The single most useless metric in AI right now is context window size. Every vendor is racing to announce bigger numbers — 200K, 500K, 1M, 2M tokens — like they're competing for a medal in a sport nobody should be playing. And you, the buyers, are buying it. That's the part that drives me crazy.

Here's my take: a 1M-token context window is a marketing gimmick dressed up as a technical achievement. The industry is obsessing over the wrong number, and the people who actually have to ship AI products are going to pay for it.

Let me explain.

**Bigger context doesn't mean better understanding. It means worse signal-to-noise.** When you stuff a 500K-token document into a model's context, you haven't given it more information — you've given it more noise. Attention is not magic. The model has to allocate its attention across everything you handed it, and the more you hand it, the more diluted that attention becomes. Long-context models fail embarrassingly at simple reasoning tasks over their full context. They confabulate. They lose the thread. They forget what was said 200K tokens ago. The needle-in-a-haystack benchmarks vendors parade around are easier than the work you actually want the model to do. Real workloads aren't "find the magic number in paragraph 47." Real workloads are complex, multi-document reasoning with dependencies that span the entire input. The benchmarks hide this on purpose.

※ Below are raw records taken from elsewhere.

lemma has_real_derivative_comp_gradient:
  fixes f :: "'a::real_inner \<Rightarrow> real"
  assumes grad: "(f has_derivative (\<lambda>h. G \<bullet> h)) (at (x t))"
    and dx: "(x has_vector_derivative x') (at t within S)"
  shows "((\<lambda>t. f (x t)) has_real_derivative (G \<bullet> x')) (at t within S)"
proof -
  have "((f \<circ> x) has_derivative ((\<lambda>h. G \<bullet> h) \<circ> (\<lambda>h. h *\<^sub>R x'))) (at t within S)"
    using dx[unfolded has_vector_derivative_def] has_derivative_at_withinI[OF grad]
    by (rule diff_chain_within)
  then show ?thesis unfolding has_field_derivative_def comp_def
    by (rule has_derivative_eq_rhs) (auto simp: fun_eq_iff)
qed

lemma antimono_on_Ici_if_derivative_nonpos:
  fixes \<phi> :: "real \<Rightarrow> real"
  assumes deriv: "\<And>t. a \<le> t \<Longrightarrow> (\<phi> has_real_derivative \<phi>' t) (at t within {a..})"
    and nonpos: "\<And>t. a \<le> t \<Longrightarrow> \<phi>' t \<le> 0"
  shows "antimono_on {a..} \<phi>"
proof -
  have cont: "continuous_on {a..} \<phi>"
    unfolding continuous_on_eq_continuous_within using deriv DERIV_continuous by blast
  have "\<phi> t \<le> \<phi> s" if "a \<le> s" "s \<le> t" for s t
  proof (rule DERIV_nonpos_imp_decreasing_open[OF \<open>s \<le> t\<close>])
    fix u assume "s < u" "u < t"
    then have "at u within {a..} = at u"
      using \<open>a \<le> s\<close> by (intro at_within_interior) (simp add: interior_Ici[of "a - 1"])
    then show "\<exists>y. (\<phi> has_real_derivative y) (at u) \<and> y \<le> 0"
      using deriv[of u] nonpos[of u] \<open>a \<le> s\<close> \<open>s < u\<close> by auto
  next
    show "continuous_on {s..t} \<phi>" using cont by (rule continuous_on_subset) (use that in auto)
  qed
  then show ?thesis unfolding monotone_on_def by auto
qed

lemma heavy_ball_energy_has_derivative:
  fixes f :: "'a::real_inner \<Rightarrow> real" and x x' x'' :: "real \<Rightarrow> 'a"
  assumes c: "c > 0"
    and grad: "(f has_derivative (\<lambda>h. g (x t) \<bullet> h)) (at (x t))"
    and dx: "(x has_vector_derivative x' t) (at t within S)"
    and ddx: "(x' has_vector_derivative x'' t) (at t within S)"
    and ode: "x'' t + (b*c) *\<^sub>R x' t + g (x t) = 0"
  shows "((\<lambda>s. f (x s) - f xs + c^2/2 * (norm ((1/c) *\<^sub>R x' s + r *\<^sub>R (x s - xs)))\<^sup>2)
    has_real_derivative c * (g (x t) \<bullet> ((1/c) *\<^sub>R x' t))
      + c^2 * ((((r - b) * c) *\<^sub>R ((1/c) *\<^sub>R x' t) - (1/c) *\<^sub>R g (x t))
               \<bullet> ((1/c) *\<^sub>R x' t + r *\<^sub>R (x t - xs)))) (at t within S)"
proof -
  let ?w = "\<lambda>s. (1/c) *\<^sub>R x' s + r *\<^sub>R (x s - xs)"
  have x'': "x'' t = - ((b*c) *\<^sub>R x' t + g (x t))"
    using ode unfolding add.assoc add_eq_0_iff2 .
  have "(?w has_vector_derivative (1/c) *\<^sub>R x'' t + r *\<^sub>R x' t) (at t within S)"
    by (auto intro!: derivative_eq_intros dx ddx)
  also have "(1/c) *\<^sub>R x'' t + r *\<^sub>R x' t
      = ((r - b) * c) *\<^sub>R ((1/c) *\<^sub>R x' t) - (1/c) *\<^sub>R g (x t)"
    unfolding x'' using c by (simp add: algebra_simps)
  finally have "((\<lambda>s. (norm (?w s))\<^sup>2) has_real_derivative
      2 * ((((r - b) * c) *\<^sub>R ((1/c) *\<^sub>R x' t) - (1/c) *\<^sub>R g (x t)) \<bullet> ?w t)) (at t within S)"
    by (rule has_real_derivative_norm_power2)
  from DERIV_add[OF DERIV_diff[OF has_real_derivative_comp_gradient[OF grad dx] DERIV_const]
      DERIV_cmult[OF this, of "c^2/2"]]
  show ?thesis using c by simp
qed

lemma heavy_ball_lyapunov_antimono:
  fixes f :: "'a::real_inner \<Rightarrow> real" and x x' x'' :: "real \<Rightarrow> 'a"
  assumes c: "c > 0" and xi: "Xi_bar r b = 0" and b: "b > 0"
    and grad: "\<And>y. (f has_derivative (\<lambda>h. g y \<bullet> h)) (at y)"
    and sconv: "strongly_convex_grad (c^2) f g"
    and dx: "\<And>t. t \<ge> 0 \<Longrightarrow> (x has_vector_derivative x' t) (at t within {0..})"
    and ddx: "\<And>t. t \<ge> 0 \<Longrightarrow> (x' has_vector_derivative x'' t) (at t within {0..})"
    and ode: "\<And>t. t \<ge> 0 \<Longrightarrow> x'' t + (b*c) *\<^sub>R x' t + g (x t) = 0"
  shows "antimono_on {0..} (\<lambda>t. exp (c*r*t) *
           (f (x t) - f xs + c^2/2 * (norm ((1/c) *\<^sub>R x' t + r *\<^sub>R (x t - xs)))\<^sup>2))"
proof -
  define E where "E t = f (x t) - f xs + c^2/2 * (norm ((1/c) *\<^sub>R x' t + r *\<^sub>R (x t - xs)))\<^sup>2"
    for t
  define E' where "E' t = c * (g (x t) \<bullet> ((1/c) *\<^sub>R x' t))
      + c^2 * ((((r - b) * c) *\<^sub>R ((1/c) *\<^sub>R x' t) - (1/c) *\<^sub>R g (x t))
               \<bullet> ((1/c) *\<^sub>R x' t + r *\<^sub>R (x t - xs)))" for t
  have E: "(E has_real_derivative E' t) (at t within {0..})" if "t \<ge> 0" for t
    unfolding E_def[abs_def] E'_def
    by (rule heavy_ball_energy_has_derivative[where x = x and x' = x' and x'' = x'' and g = g and t = t, OF c grad dx[OF that] ddx[OF that] ode[OF that]])
  have rate: "c*r * E t + E' t \<le> 0" for t
    unfolding E_def E'_def
    by (rule Xi_bar_root_lyapunov_rate[OF c xi b strongly_convex_grad_gap_le[OF sconv]])
  have "antimono_on {0..} (\<lambda>t. exp (c*r*t) * E t)"
  proof (rule antimono_on_Ici_if_derivative_nonpos)
    fix t :: real assume "0 \<le> t"
    show "((\<lambda>t. exp (c*r*t) * E t) has_real_derivative exp (c*r*t) * (c*r * E t + E' t))
        (at t within {0..})"
      by (auto intro!: derivative_eq_intros E \<open>0 \<le> t\<close> simp: algebra_simps)
    show "exp (c*r*t) * (c*r * E t + E' t) \<le> 0"
      using rate by (simp add: mult_nonneg_nonpos)
  qed
  then show ?thesis unfolding E_def .
qed

lemma antimono_on_exp_weighted_le:
  fixes E :: "real \<Rightarrow> real"
  assumes "antimono_on {0..} (\<lambda>t. exp (k * t) * E t)" "t \<ge> 0"
  shows "E t \<le> E 0 * exp (- k * t)"
proof -
  have "exp (k * t) * E t \<le> E 0"
    using assms unfolding monotone_on_def by fastforce
  then show ?thesis by (simp add: exp_minus field_simps)
qed

theorem theorem5:
  fixes f :: "'a::euclidean_space \<Rightarrow> real" and g :: "'a \<Rightarrow> 'a"
    and m b :: real and xs :: 'a
    and x x' x'' :: "real \<Rightarrow> 'a"
  assumes m_pos: "m > 0"
    and grad: "\<And>y. (f has_derivative (\<lambda>h. g y \<bullet> h)) (at y)"
    and grad_cont: "continuous_on UNIV g"
    and sconv: "strongly_convex_grad m f g"
    and minimizer: "\<And>y. f xs \<le> f y"
    and b_pos: "b > 0"
    and dx: "\<And>t. t \<ge> 0 \<Longrightarrow> (x has_vector_derivative x' t) (at t within {0..})"
    and ddx: "\<And>t. t \<ge> 0 \<Longrightarrow> (x' has_vector_derivative x'' t) (at t within {0..})"
    and ode: "\<And>t. t \<ge> 0 \<Longrightarrow> x'' t + (b * sqrt m) *\<^sub>R x' t + g (x t) = 0"
  shows "(\<exists>!r. Xi_bar r b = 0) \<and>
    (\<forall>r. Xi_bar r b = 0 \<longrightarrow>
       0 < r \<and> r \<le> 1 \<and> (r = 1 \<longleftrightarrow> b = 2) \<and>
       (let lam = sqrt m * r;
            v = (\<lambda>t. (1 / sqrt m) *\<^sub>R x' t);
            C = f (x 0) - f xs + m / 2 * (norm ((1 / sqrt m) *\<^sub>R x' 0 + r *\<^sub>R (x 0 - xs)))\<^sup>2
        in antimono_on {0..} (\<lambda>t. exp (lam * t) *
               (f (x t) - f xs + m / 2 * (norm (v t + r *\<^sub>R (x t - xs)))\<^sup>2))
           \<and> (\<forall>t\<ge>0. f (x t) - f xs \<le> C * exp (- lam * t))))"
proof (intro conjI allI impI)
  show "\<exists>!r. Xi_bar r b = 0"
    using Xi_bar_root_exists[OF b_pos] Xi_bar_root_unique[OF _ _ b_pos] by blast
next
  fix r assume xi: "Xi_bar r b = 0"
  show "0 < r" "r \<le> 1" by (fact Xi_bar_root_bounds[OF xi b_pos])+
  show "r = 1 \<longleftrightarrow> b = 2" by (fact Xi_bar_root_eq_one_iff[OF xi b_pos])
  have c: "sqrt m > 0" and m: "(sqrt m)\<^sup>2 = m" using m_pos by simp_all
  define E where "E t = f (x t) - f xs + m/2 * (norm ((1 / sqrt m) *\<^sub>R x' t + r *\<^sub>R (x t - xs)))\<^sup>2"
    for t
  have anti: "antimono_on {0..} (\<lambda>t. exp (sqrt m * r * t) * E t)"
    using heavy_ball_lyapunov_antimono[OF c xi b_pos grad _ dx ddx ode] sconv
    unfolding E_def m by simp
  have "f (x t) - f xs \<le> E t" for t
    unfolding E_def using m_pos by simp
  then have "\<forall>t\<ge>0. f (x t) - f xs \<le> E 0 * exp (- (sqrt m * r) * t)"
    using antimono_on_exp_weighted_le[OF anti] order_trans by blast
  with anti show "let lam = sqrt m * r;
            v = (\<lambda>t. (1 / sqrt m) *\<^sub>R x' t);
            C = f (x 0) - f xs + m / 2 * (norm ((1 / sqrt m) *\<^sub>R x' 0 + r *\<^sub>R (x 0 - xs)))\<^sup>2
        in antimono_on {0..} (\<lambda>t. exp (lam * t) *
               (f (x t) - f xs + m / 2 * (norm (v t + r *\<^sub>R (x t - xs)))\<^sup>2))
           \<and> (\<forall>t\<ge>0. f (x t) - f xs \<le> C * exp (- lam * t))"
    unfolding Let_def E_def by simp
qed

**The cost curve is brutal and the economics get worse, not better.** Transformer attention scales quadratically with sequence length. A 2x increase in context length isn't 2x more expensive — it's 4x. A 10x increase is 100x. Vendors don't show you this math because it would end the conversation. When a vendor proudly announces 1M tokens of context at 90% accuracy on a benchmark, ask what it costs per inference. Then ask what it costs at 100K tokens. The 10x context window isn't 10x more useful — it's somewhere between 50x and 200x more expensive for marginal quality gains on actual workloads. The unit economics are broken and nobody wants to talk about it.

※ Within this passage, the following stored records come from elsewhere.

(* The signature is built by well-founded recursion: an active node raises the coordinate of
   its priority, any other node takes the lexicographic supremum over its nearest active
   descendants. Truncating tuples at an index j commutes with these suprema (beyond j
   every candidate tuple is dominated by a strict bound on the countably many coordinate
   values, so truncation cannot lower the supremum), and raising a coordinate above j is
   invisible after truncation. Induction along the recursion then shows that the truncated
   signature of u is the supremum over the active nodes below u with priority at most j.
   The recursion is well founded because on a branch through infinitely many active nodes no
   switch occurs and the least active priority, a losing number, recurs forever, so such a
   branch is lost by P. Below an active node w the recursion is merely shifted, which gives
   s(epsilon, Sigma|w) = s(w, Sigma). *)

section \<open>Lexicographic order on tuples\<close>

lemma lexle_cong: "\<forall>m\<in>L. x m = x' m \<Longrightarrow> \<forall>m\<in>L. y m = y' m \<Longrightarrow> lexle L x y = lexle L x' y'"
  unfolding lexle_def lexless_def by auto

lemma lexless_cong: "\<forall>m\<in>L. x m = x' m \<Longrightarrow> \<forall>m\<in>L. y m = y' m \<Longrightarrow> lexless L x y = lexless L x' y'"
  unfolding lexless_def by auto

lemma lexle_refl [simp]: "lexle L x x"
  by (simp add: lexle_def)

lemma lexless_not_lexle: "lexless L x y \<Longrightarrow> \<not> lexle L y x"
proof
  assume "lexless L x y" "lexle L y x"
  obtain j1 where j1: "j1 \<in> L" "x j1 < y j1" "\<forall>m\<in>L. m < j1 \<longrightarrow> x m = y m"
    using \<open>lexless L x y\<close> unfolding lexless_def by blast
  show False
  proof (cases "\<forall>m\<in>L. y m = x m")
    case False
    then obtain j2 where j2: "j2 \<in> L" "y j2 < x j2" "\<forall>m\<in>L. m < j2 \<longrightarrow> y m = x m"
      using \<open>lexle L y x\<close> unfolding lexle_def lexless_def by blast
    show False
      using j1 j2 by (cases j1 j2 rule: linorder_cases) auto
  qed (use j1 in simp)
qed

lemma lexle_Int_atMost: "lexle L x y \<Longrightarrow> lexle (L \<inter> {..j}) x y"
proof (cases "\<forall>m\<in>L. x m = y m")
  case False
  assume "lexle L x y"
  then obtain j1 where j1: "j1 \<in> L" "x j1 < y j1" "\<forall>m\<in>L. m < j1 \<longrightarrow> x m = y m"
    using False unfolding lexle_def lexless_def by blast
  show ?thesis
  proof (cases "j1 \<le> j")
    case True
    then show ?thesis
      unfolding lexle_def lexless_def using j1 by (intro disjI2 bexI[of _ j1]) auto
  qed (use j1 in \<open>auto simp: lexle_def\<close>)
qed (simp add: lexle_def)

lemma lexless_Int_atMost: "lexless (L \<inter> {..j}) x y \<Longrightarrow> lexless L x y"
  unfolding lexless_def by fastforce

lemma lexle_trans: "lexle L x y \<Longrightarrow> lexle L y z \<Longrightarrow> lexle L x z"
proof -
  assume xy: "lexle L x y" and yz: "lexle L y z"
  show ?thesis
  proof (cases "\<forall>m\<in>L. x m = y m")
    case True
    then show ?thesis using lexle_cong[of L x y z z] yz by simp
  next
    case False
    then obtain j1 where j1: "j1 \<in> L" "x j1 < y j1" "\<forall>m\<in>L. m < j1 \<longrightarrow> x m = y m"
      using xy unfolding lexle_def lexless_def by blast
    show ?thesis
    proof (cases "\<forall>m\<in>L. y m = z m")
      case True
      then show ?thesis using lexle_cong[of L x x y z] xy by simp
    next
      case False
      then obtain j2 where j2: "j2 \<in> L" "y j2 < z j2" "\<forall>m\<in>L. m < j2 \<longrightarrow> y m = z m"
        using yz unfolding lexle_def lexless_def by blast
      have "lexless L x z"
      proof (cases j1 j2 rule: linorder_cases)
        case less
        then show ?thesis unfolding lexless_def using j1 j2 by (intro bexI[of _ j1]) auto
      next
        case equal
        then show ?thesis unfolding lexless_def using j1 j2
          by (intro bexI[of _ j1]) (auto intro: order.strict_trans)
      next
        case greater
        then show ?thesis unfolding lexless_def using j1 j2 by (intro bexI[of _ j2]) auto
      qed
      then show ?thesis unfolding lexle_def by blast
    qed
  qed
qed

lemma least_difference:
  fixes L :: "nat set"
  assumes "\<not> (\<forall>m\<in>L. x m = y m)"
  obtains j where "j \<in> L" "x j \<noteq> y j" "\<forall>m\<in>L. m < j \<longrightarrow> x m = y m"
proof
  define j where "j = (LEAST m. m \<in> L \<and> x m \<noteq> y m)"
  show "j \<in> L" "x j \<noteq> y j"
    using assms LeastI_ex[of "\<lambda>m. m \<in> L \<and> x m \<noteq> y m"] by (auto simp: j_def)
  show "\<forall>m\<in>L. m < j \<longrightarrow> x m = y m"
    using not_less_Least j_def by blast
qed

lemma lexle_linear: "lexle L x y \<or> lexle L y x"
proof (cases "\<forall>m\<in>L. x m = y m")
  case False
  then obtain j where j: "j \<in> L" "x j \<noteq> y j" "\<forall>m\<in>L. m < j \<longrightarrow> x m = y m"
    by (rule least_difference)
  then consider "x j < y j" | "y j < x j" by fastforce
  then show ?thesis
    by cases (use j in \<open>auto simp: lexle_def lexless_def\<close>)
qed (simp add: lexle_def)

lemma not_lexle: "\<not> lexle L x y \<Longrightarrow> lexless L y x"
  using lexle_linear[of L x y] unfolding lexle_def by auto

lemma lexle_antisym: "lexle L x y \<Longrightarrow> lexle L y x \<Longrightarrow> \<forall>m\<in>L. x m = y m"
  using lexless_not_lexle unfolding lexle_def by blast

lemma lexle_if_pointwise_le:
  assumes le: "\<forall>m\<in>L. x m \<le> y m"
  shows "lexle L x y"
proof (cases "\<forall>m\<in>L. x m = y m")
  case False
  then obtain j where j: "j \<in> L" "x j \<noteq> y j" "\<forall>m\<in>L. m < j \<longrightarrow> x m = y m"
    by (rule least_difference)
  with le have "x j < y j" by (simp add: order.strict_iff_order)
  with j show ?thesis unfolding lexle_def lexless_def by blast
qed (simp add: lexle_def)

lemma lexle_Int_atMost_greaterThan:
  assumes low: "lexle (L \<inter> {..j}) x y" and high: "lexle (L \<inter> {j<..}) x y"
  shows "lexle L x y"
proof (cases "\<forall>m\<in>L \<inter> {..j}. x m = y m")
  case True
  show ?thesis
  proof (cases "\<forall>m\<in>L \<inter> {j<..}. x m = y m")
    case True2: True
    have "\<forall>m\<in>L. x m = y m"
    proof
      fix m assume "m \<in> L"
      with True True2 show "x m = y m" by (cases "m \<le> j") auto
    qed
    then show ?thesis by (simp add: lexle_def)
  next
    case False
    then obtain j1 where j1: "j1 \<in> L \<inter> {j<..}" "x j1 < y j1" "\<forall>m\<in>L \<inter> {j<..}. m < j1 \<longrightarrow> x m = y m"
      using high unfolding lexle_def lexless_def by blast
    have "\<forall>m\<in>L. m < j1 \<longrightarrow> x m = y m"
    proof (intro ballI impI)
      fix m assume "m \<in> L" "m < j1"
      with True j1 show "x m = y m" by (cases "m \<le> j") auto
    qed
    with j1 show ?thesis
      unfolding lexle_def lexless_def by blast
  qed
next
  case False
  then obtain j0 where "j0 \<in> L \<inter> {..j}" "x j0 < y j0" "\<forall>m\<in>L \<inter> {..j}. m < j0 \<longrightarrow> x m = y m"
    using low unfolding lexle_def lexless_def by blast
  then show ?thesis
    unfolding lexle_def lexless_def by (intro disjI2 bexI[of _ j0]) auto
qed

lemma lexle_insert_iff: "x a = y a \<Longrightarrow> lexle (insert a L) x y \<longleftrightarrow> lexle L x y"
  unfolding lexle_def lexless_def by auto

lemma lexle_imp_le_first:
  assumes "a \<in> L" "\<forall>b\<in>L. a \<le> b" "lexle L x y"
  shows "x a \<le> y a"
proof (cases "\<forall>m\<in>L. x m = y m")
  case False
  then obtain j where "j \<in> L" "x j < y j" "\<forall>m\<in>L. m < j \<longrightarrow> x m = y m"
    using assms(3) unfolding lexle_def lexless_def by blast
  with assms(1,2) show ?thesis by (cases "j = a") (auto simp: order.order_iff_strict)
qed (use assms in simp)

lemma lexle_if_less_first: "a \<in> L \<Longrightarrow> \<forall>b\<in>L. a \<le> b \<Longrightarrow> x a < y a \<Longrightarrow> lexle L x y"
  unfolding lexle_def lexless_def by (intro disjI2 bexI[of _ a]) auto

definition is_lex_sup :: "nat set \<Rightarrow> (nat \<Rightarrow> 'o::wellorder) set \<Rightarrow> (nat \<Rightarrow> 'o) \<Rightarrow> bool" where
  "is_lex_sup L X y \<longleftrightarrow> supported L y \<and> (\<forall>x\<in>X. lexle L x y)
      \<and> (\<forall>z. supported L z \<longrightarrow> (\<forall>x\<in>X. lexle L x z) \<longrightarrow> lexle L y z)"

lemma is_lex_supI:
  "supported L y \<Longrightarrow> (\<And>x. x \<in> X \<Longrightarrow> lexle L x y)
    \<Longrightarrow> (\<And>z. supported L z \<Longrightarrow> \<forall>x\<in>X. lexle L x z \<Longrightarrow> lexle L y z) \<Longrightarrow> is_lex_sup L X y"
  unfolding is_lex_sup_def by blast

lemma is_lex_sup_supported: "is_lex_sup L X y \<Longrightarrow> supported L y"
  unfolding is_lex_sup_def by blast

lemma is_lex_sup_upper: "is_lex_sup L X y \<Longrightarrow> x \<in> X \<Longrightarrow> lexle L x y"
  unfolding is_lex_sup_def by blast

lemma is_lex_sup_least:
  "is_lex_sup L X y \<Longrightarrow> supported L z \<Longrightarrow> \<forall>x\<in>X. lexle L x z \<Longrightarrow> lexle L y z"
  unfolding is_lex_sup_def by blast

lemma supported_eqI: "supported L x \<Longrightarrow> supported L y \<Longrightarrow> \<forall>m\<in>L. x m = y m \<Longrightarrow> x = y"
  unfolding supported_def by (metis ext)

lemma is_lex_sup_unique: "is_lex_sup L X y \<Longrightarrow> is_lex_sup L X y' \<Longrightarrow> y = y'"
  unfolding is_lex_sup_def by (meson lexle_antisym supported_eqI)

lemma lex_sup_eqI: "is_lex_sup L X y \<Longrightarrow> lex_sup L X = y"
  unfolding lex_sup_def by (rule the_equality) (use is_lex_sup_unique in \<open>auto simp: is_lex_sup_def\<close>)

lemma countably_bounded_imageE:
  fixes f :: "'a \<Rightarrow> 'o::wellorder"
  assumes "countably_bounded TYPE('o)" and "countable A"
  obtains b where "\<forall>a\<in>A. f a < b"
  using assms unfolding countably_bounded_def by (metis countable_image imageI)

lemma osuc_gt:
  assumes "countably_bounded TYPE('o::wellorder)"
  shows "(a :: 'o) < osuc a"
proof -
  obtain b :: 'o where "a < b"
    using countably_bounded_imageE[OF assms, of "{a}" id] by auto
  then show ?thesis unfolding osuc_def by (rule LeastI)
qed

**Most of the training didn't happen at this length anyway.** Look at the training distribution of any major long-context model. The vast majority of pretraining was done at 8K, 16K, maybe 32K tokens. The long-context capability is bolted on with continued training and position interpolation hacks. The model is extrapolating to contexts it never really learned. Sometimes that extrapolation works. Often it doesn't. You're shipping production workloads on a model's best guess.

**RAG and structured retrieval beat raw context length every single time.** Here's what I keep telling the teams I work with: if you think you need a million tokens of context, you don't have a context window problem — you have a search problem. A well-built RAG pipeline with proper chunking, embedding, and reranking will outperform a 1M-token context on essentially any real workload. It's faster, cheaper, more reliable, and you can actually debug it. The "just stuff it all in the context" approach is the sign of an engineering team that hasn't thought hard about the problem yet.

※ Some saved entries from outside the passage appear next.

(* Let $a,b,k$ be positive integers. Define $a_1=a$, $a_2=b$, and $a_n=ka_{n-1}+a_{n-2}$ for $n\ge 3$. Let $(x_n)_{n\ge1}$ be the sequence $1,1,1,2,2,2,1,1,1,2,2,2,\ldots$ and $(y_n)_{n\ge1}$ the sequence $2,2,2,1,1,1,2,2,2,1,1,1,\ldots$ (blocks of three, alternating). (1) If $k$ is even, then the sequence $(\Gamma(a_n,a_{n+1}))_{n\ge1}$ is constant. (2) If $k$ is odd: (a) if $a$ and $b$ are both odd, then $(\Gamma(a_n,a_{n+1}))_{n\ge 3}$ equals $(x_n)_{n\ge1}$ or $(y_n)_{n\ge1}$; (b) if $a$ is odd and $b$ is even, then $(\Gamma(a_n,a_{n+1}))_{n\ge 2}$ equals $(x_n)_{n\ge1}$ or $(y_n)_{n\ge1}$; (c) if $a$ is even and $b$ is odd, then $(\Gamma(a_n,a_{n+1}))_{n\ge 1}$ equals $(x_n)_{n\ge1}$ or $(y_n)_{n\ge1}$.
   Context: For relatively prime positive integers $p,q$, exactly one of the equations $px+qy=\frac{(p-1)(q-1)}{2}$ (Equation 1) and $px+qy+1=\frac{(p-1)(q-1)}{2}$ (Equation 2) has a solution in nonnegative integers $(x,y)$. For positive integers $a,b$ with $d=\gcd(a,b)$, $\Gamma(a,b)=1$ if Equation 1 with $(p,q)=(a/d,b/d)$ has a nonnegative integer solution, and $\Gamma(a,b)=2$ otherwise. A sequence indexed from $n\ge m$ "equals" $(x_n)_{n\ge1}$ means its $j$-th term (the one with index $n=m+j-1$) equals $x_j$ for all $j\ge1$. *)

theory Defs
  imports Main
begin

text \<open>Equation 1 for coprime p q: p x + q y = (p-1)(q-1)/2 with x, y nonnegative integers.
  We write it multiplied by 2 to avoid division (the right side is an integer for coprime p q).\<close>
definition eq1_solvable :: "nat \<Rightarrow> nat \<Rightarrow> bool" where
  "eq1_solvable p q \<longleftrightarrow>
     (\<exists>x y :: nat. 2 * (int p * int x + int q * int y) = (int p - 1) * (int q - 1))"

definition Gamma :: "nat \<Rightarrow> nat \<Rightarrow> nat" where
  "Gamma a b = (let d = gcd a b in if eq1_solvable (a div d) (b div d) then 1 else 2)"

text \<open>The sequence a_1 = a, a_2 = b, a_n = k a_{n-1} + a_{n-2} (n >= 3), indexed literally
  from 1; the value at index 0 is an irrelevant dummy.\<close>
fun recseq :: "nat \<Rightarrow> nat \<Rightarrow> nat \<Rightarrow> nat \<Rightarrow> nat" where
  "recseq a b k 0 = 0"
| "recseq a b k (Suc 0) = a"
| "recseq a b k (Suc (Suc 0)) = b"
| "recseq a b k (Suc (Suc (Suc n))) = k * recseq a b k (Suc (Suc n)) + recseq a b k (Suc n)"

definition xseq :: "nat \<Rightarrow> nat" where
  "xseq j = (if (j - 1) mod 6 < 3 then 1 else 2)"

definition yseq :: "nat \<Rightarrow> nat" where
  "yseq j = (if (j - 1) mod 6 < 3 then 2 else 1)"

end

theory Submission
  imports Defs
begin

text \<open>With u = 2y + 1 and v = 2x + 1, Equation 1 asks for a positive solution (u, v) of
  q u + p v = p q + 1 with u and v both odd. For coprime p, q this equation has exactly one positive
  solution, and (u, v) \<mapsto> (u, v - u + p) carries it to the one for (p, q + p). If p is odd this
  map preserves "u and v both odd"; if p is even, u is forced to be odd (p q + 1 is odd) and the
  parity of v flips. Hence \<Gamma>(a, b + a) = \<Gamma>(a, b) when a / gcd(a, b) is odd, and \<Gamma> switches to
  the other value when it is even.

  Consecutive terms satisfy gcd(a_n, a_{n+1}) = gcd(a, b) and a_{n+2} = k a_{n+1} + a_n, so going
  from \<Gamma>(a_n, a_{n+1}) to \<Gamma>(a_{n+1}, a_{n+2}) switches the value exactly when k is odd and
  a_{n+1} / gcd(a, b) is even. For odd k, as soon as two
  consecutive terms are odd the parities repeat odd, odd, even, and gcd(a, b) is odd, so \<Gamma> switches
  at every third step.\<close>

definition positive_solution :: "int \<Rightarrow> int \<Rightarrow> int \<Rightarrow> int \<Rightarrow> bool" where
  "positive_solution p q u v \<longleftrightarrow> 0 < u \<and> 0 < v \<and> q * u + p * v = p * q + 1"

lemma positive_solution_le:
  assumes "0 < p" "0 < q" "positive_solution p q u v"
  shows "u \<le> p"
proof -
  have "p * 1 \<le> p * v"
    using assms by (intro mult_left_mono) (auto simp: positive_solution_def)
  then have "q * u \<le> q * p"
    using assms mult.commute[of p q] unfolding positive_solution_def by linarith
  then show ?thesis using \<open>0 < q\<close> by simp
qed

lemma positive_solution_add:
  assumes "0 < p" "0 < q" "positive_solution p q u v"
  shows "positive_solution p (q + p) u (v - u + p)"
  using positive_solution_le[OF assms] assms unfolding positive_solution_def
  by (auto simp: algebra_simps)

lemma positive_solution_unique:
  assumes "coprime p q" "0 < p" "0 < q"
    and "positive_solution p q u v" "positive_solution p q u' v'"
  shows "u = u' \<and> v = v'"
proof -
  have "q * (u - u') = p * (v' - v)"
    using assms(4,5) unfolding positive_solution_def by (simp add: algebra_simps)
  then have "p dvd q * (u - u')"
    by simp
  then have "p dvd u - u'"
    using \<open>coprime p q\<close> by (simp add: coprime_dvd_mult_right_iff)
  moreover have "\<bar>u - u'\<bar> < p"
    using positive_solution_le[OF \<open>0 < p\<close> \<open>0 < q\<close> assms(4)]
      positive_solution_le[OF \<open>0 < p\<close> \<open>0 < q\<close> assms(5)] assms(4,5)
    unfolding positive_solution_def by linarith
  ultimately have "u = u'"
    using dvd_imp_le_int[of "u - u'" p] by fastforce
  moreover from this have "p * v = p * v'"
    using assms(4,5) unfolding positive_solution_def \<open>u = u'\<close> by linarith
  ultimately show ?thesis
    using \<open>0 < p\<close> by simp
qed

**The counterargument, briefly, then dismissed.** Yes, long context is useful for some things. Large codebases. Whole-book analysis. Long conversation histories. I'm not arguing for zero context. I'm arguing for honest context. A 64K or 128K context window is plenty for nearly every production workload paired with the right retrieval and prompting. Pretending you need 1M tokens is a fantasy sold by vendors who need a number for the slide. The real differentiation is going to come from inference quality, latency, tool use, and cost per task — not from who can stick the biggest number on a benchmark.

**The take.** Stop counting tokens. Start counting whether the model actually understood your problem. The vendor with the 1M-token context window is not your friend — they're selling you a metric that flatters their roadmap and punishes your bill. The teams shipping real AI products in 2026 are the ones that figured this out early: context is a budget, not a feature.